Work order →
In the entries that follow, the first line to write out is the one containing "0 \<le> [A, B, C]", and the last is the one containing "by (simp add: power_moment_def)". Reproduce that stretch exactly, with nothing before or after it.

=== Begin Enclosure ===

corollary is_metric_projection_A_plus_quadratic:
  assumes f: "in_L2 f" and "0 \<le> A" "0 \<le> B" "0 \<le> C"
    and nonpos: "\<forall>k. (LINT t:{-1..1}|lborel. (f t - (A + B * t + C * t\<^sup>2)) * t ^ k) \<le> 0"
    and zero: "\<forall>k<3. (LINT t:{-1..1}|lborel. (f t - (A + B * t + C * t\<^sup>2)) * t ^ k) = 0"
  shows "is_metric_projection A_plus f (\<lambda>t. A + B * t + C * t\<^sup>2)"
proof -
  have quadratic: "(\<Sum>k<3. [A, B, C] ! k * t ^ k) = A + B * t + C * t\<^sup>2" for t :: real
    by (simp add: numeral_3_eq_3 power2_eq_square)
  have "is_metric_projection A_plus f (\<lambda>t. \<Sum>k<3. [A, B, C] ! k * t ^ k)"
  proof (rule is_metric_projection_A_plus_polynomial[OF f])
    show "\<forall>k<3. 0 \<le> [A, B, C] ! k"
      using assms by (auto simp: less_Suc_eq numeral_3_eq_3)
    show "\<forall>k. (LINT t:{-1..1}|lborel. (f t - (\<Sum>k<3. [A, B, C] ! k * t ^ k)) * t ^ k) \<le> 0"
      unfolding quadratic by (rule nonpos)
    show "\<forall>k<3. (LINT t:{-1..1}|lborel. (f t - (\<Sum>k<3. [A, B, C] ! k * t ^ k)) * t ^ k) = 0"
      unfolding quadratic by (rule zero)
  qed
  then show ?thesis
    by (simp only: quadratic)
qed

section \<open>Moments\<close>

definition power_moment :: "nat \<Rightarrow> real" where
  "power_moment j = (1 - (-1) ^ Suc j) / Suc j"

lemma set_integral_power: "(LINT t:{-1..1}|lborel. t ^ j) = power_moment j"
  using integral_power[of "-1" 1 j]
  by (simp add: set_lebesgue_integral_def power_moment_def mult.commute)

lemma power_moment_even: "even j \<Longrightarrow> power_moment j = 2 / (real j + 1)"
  by (simp add: power_moment_def add.commute)

lemma power_moment_odd: "odd j \<Longrightarrow> power_moment j = 0"
  by (simp add: power_moment_def)

lemma set_integral_quadratic_mult_power:
  "(LINT t:{-1..1}|lborel. (A + B * t + C * t\<^sup>2) * t ^ k)
    = A * power_moment k + B * power_moment (k + 1) + C * power_moment (k + 2)"
proof -
  have int: "set_integrable lborel {-1..1::real} (\<lambda>t. c * t ^ j)" for c j
    unfolding set_integrable_def by (intro borel_integrable_compact continuous_intros) auto
  have "(LINT t:{-1..1}|lborel. (A + B * t + C * t\<^sup>2) * t ^ k)
      = (LINT t:{-1..1}|lborel. A * t ^ k + B * t ^ (k + 1) + C * t ^ (k + 2))"
    by (simp add: algebra_simps power2_eq_square)
  also have "\<dots> = (LINT t:{-1..1}|lborel. A * t ^ k + B * t ^ (k + 1))
      + (LINT t:{-1..1}|lborel. C * t ^ (k + 2))"
    by (intro set_integral_add int)
  also have "(LINT t:{-1..1}|lborel. A * t ^ k + B * t ^ (k + 1))
      = (LINT t:{-1..1}|lborel. A * t ^ k) + (LINT t:{-1..1}|lborel. B * t ^ (k + 1))"
    by (intro set_integral_add int)
  finally show ?thesis
    by (simp only: set_integral_mult_right set_integral_power)
qed

(* d_k(a) = <1_[a,1] - p_a, t^k>, where p_a is the quadratic of the theorem for the point mass at a. *)
definition moment_defect :: "nat \<Rightarrow> real \<Rightarrow> real" where
  "moment_defect k a = (1 - a ^ Suc k) / Suc k - (4 - 9 * a + 5 * a ^ 3) / 8 * power_moment k
     - 3 / 4 * (1 - a\<^sup>2) * power_moment (k + 1) - 15 / 8 * (a - a ^ 3) * power_moment (k + 2)"

lemma moment_defect_eq_0: "k < 3 \<Longrightarrow> moment_defect k a = 0"
  by (auto simp: less_Suc_eq numeral_3_eq_3 moment_defect_def power_moment_def
      field_simps power2_eq_square power3_eq_cube)

lemma moment_defect_even:
  assumes "even k"
  shows "moment_defect k a = a * (12 - 6 * real k + 10 * real k * a\<^sup>2 - 4 * (real k + 3) * a ^ k)
    / (4 * (real k + 1) * (real k + 3))"
proof -
  have "power_moment k = 2 / (real k + 1)" "power_moment (k + 1) = 0"
    "power_moment (k + 2) = 2 / (real k + 3)"
    using assms by (simp_all add: power_moment_even power_moment_odd add.commute)
  then have "moment_defect k a = (1 - a * a ^ k) / (real k + 1)
      - (4 - 9 * a + 5 * a ^ 3) / 8 * (2 / (real k + 1)) - 15 / 8 * (a - a ^ 3) * (2 / (real k + 3))"
    by (simp add: moment_defect_def add.commute)
  also have "\<dots> = a * (12 - 6 * real k + 10 * real k * a\<^sup>2 - 4 * (real k + 3) * a ^ k)
      / (4 * (real k + 1) * (real k + 3))"
    by (simp add: divide_simps) (simp add: algebra_simps power2_eq_square power3_eq_cube)
  finally show ?thesis .
qed

lemma moment_defect_odd:
  assumes "odd k"
  shows "moment_defect k a = (1 - a ^ Suc k) / (real k + 1) - 3 / 2 * (1 - a\<^sup>2) / (real k + 2)"
proof -
  have "power_moment k = 0" "power_moment (k + 1) = 2 / (real k + 2)" "power_moment (k + 2) = 0"
    using assms by (simp_all add: power_moment_even power_moment_odd add.commute)
  moreover have "3 / 4 * (1 - a\<^sup>2) * (2 / (real k + 2)) = 3 / 2 * (1 - a\<^sup>2) / (real k + 2)"
    by (simp add: divide_simps) (simp add: algebra_simps)
  ultimately show ?thesis
    by (simp add: moment_defect_def add.commute)
qed

lemma moment_defect_nonpos_even:
  assumes "even k" and "0 \<le> a" and "a\<^sup>2 \<le> 1 / 5"
  shows "moment_defect k a \<le> 0"
proof (cases "k < 3")
  case True
  then show ?thesis by (simp add: moment_defect_eq_0)
next
  case False
  with \<open>even k\<close> have "k \<ge> 4" by presburger
  then have "real k \<ge> 4" by simp
  have "12 - 6 * real k + 10 * real k * a\<^sup>2 - 4 * (real k + 3) * a ^ k
      \<le> 12 - 6 * real k + 10 * real k * a\<^sup>2"
    using \<open>0 \<le> a\<close> by simp
  also have "\<dots> \<le> 12 - 4 * real k"
    using \<open>real k \<ge> 4\<close> mult_left_mono[OF \<open>a\<^sup>2 \<le> 1 / 5\<close>, of "10 * real k"] by simp
  also have "\<dots> < 0"
    using \<open>real k \<ge> 4\<close> by simp
  finally show ?thesis
    unfolding moment_defect_even[OF \<open>even k\<close>] using \<open>0 \<le> a\<close>
    by (intro divide_nonpos_pos mult_nonneg_nonpos) auto
qed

=== End Enclosure ===

Task response →
    show "\<forall>k<3. 0 \<le> [A, B, C] ! k"
      using assms by (auto simp: less_Suc_eq numeral_3_eq_3)
    show "\<forall>k. (LINT t:{-1..1}|lborel. (f t - (\<Sum>k<3. [A, B, C] ! k * t ^ k)) * t ^ k) \<le> 0"
      unfolding quadratic by (rule nonpos)
    show "\<forall>k<3. (LINT t:{-1..1}|lborel. (f t - (\<Sum>k<3. [A, B, C] ! k * t ^ k)) * t ^ k) = 0"
      unfolding quadratic by (rule zero)
  qed
  then show ?thesis
    by (simp only: quadratic)
qed

section \<open>Moments\<close>

definition power_moment :: "nat \<Rightarrow> real" where
  "power_moment j = (1 - (-1) ^ Suc j) / Suc j"

lemma set_integral_power: "(LINT t:{-1..1}|lborel. t ^ j) = power_moment j"
  using integral_power[of "-1" 1 j]
  by (simp add: set_lebesgue_integral_def power_moment_def mult.commute)

lemma power_moment_even: "even j \<Longrightarrow> power_moment j = 2 / (real j + 1)"
  by (simp add: power_moment_def add.commute)

lemma power_moment_odd: "odd j \<Longrightarrow> power_moment j = 0"
  by (simp add: power_moment_def)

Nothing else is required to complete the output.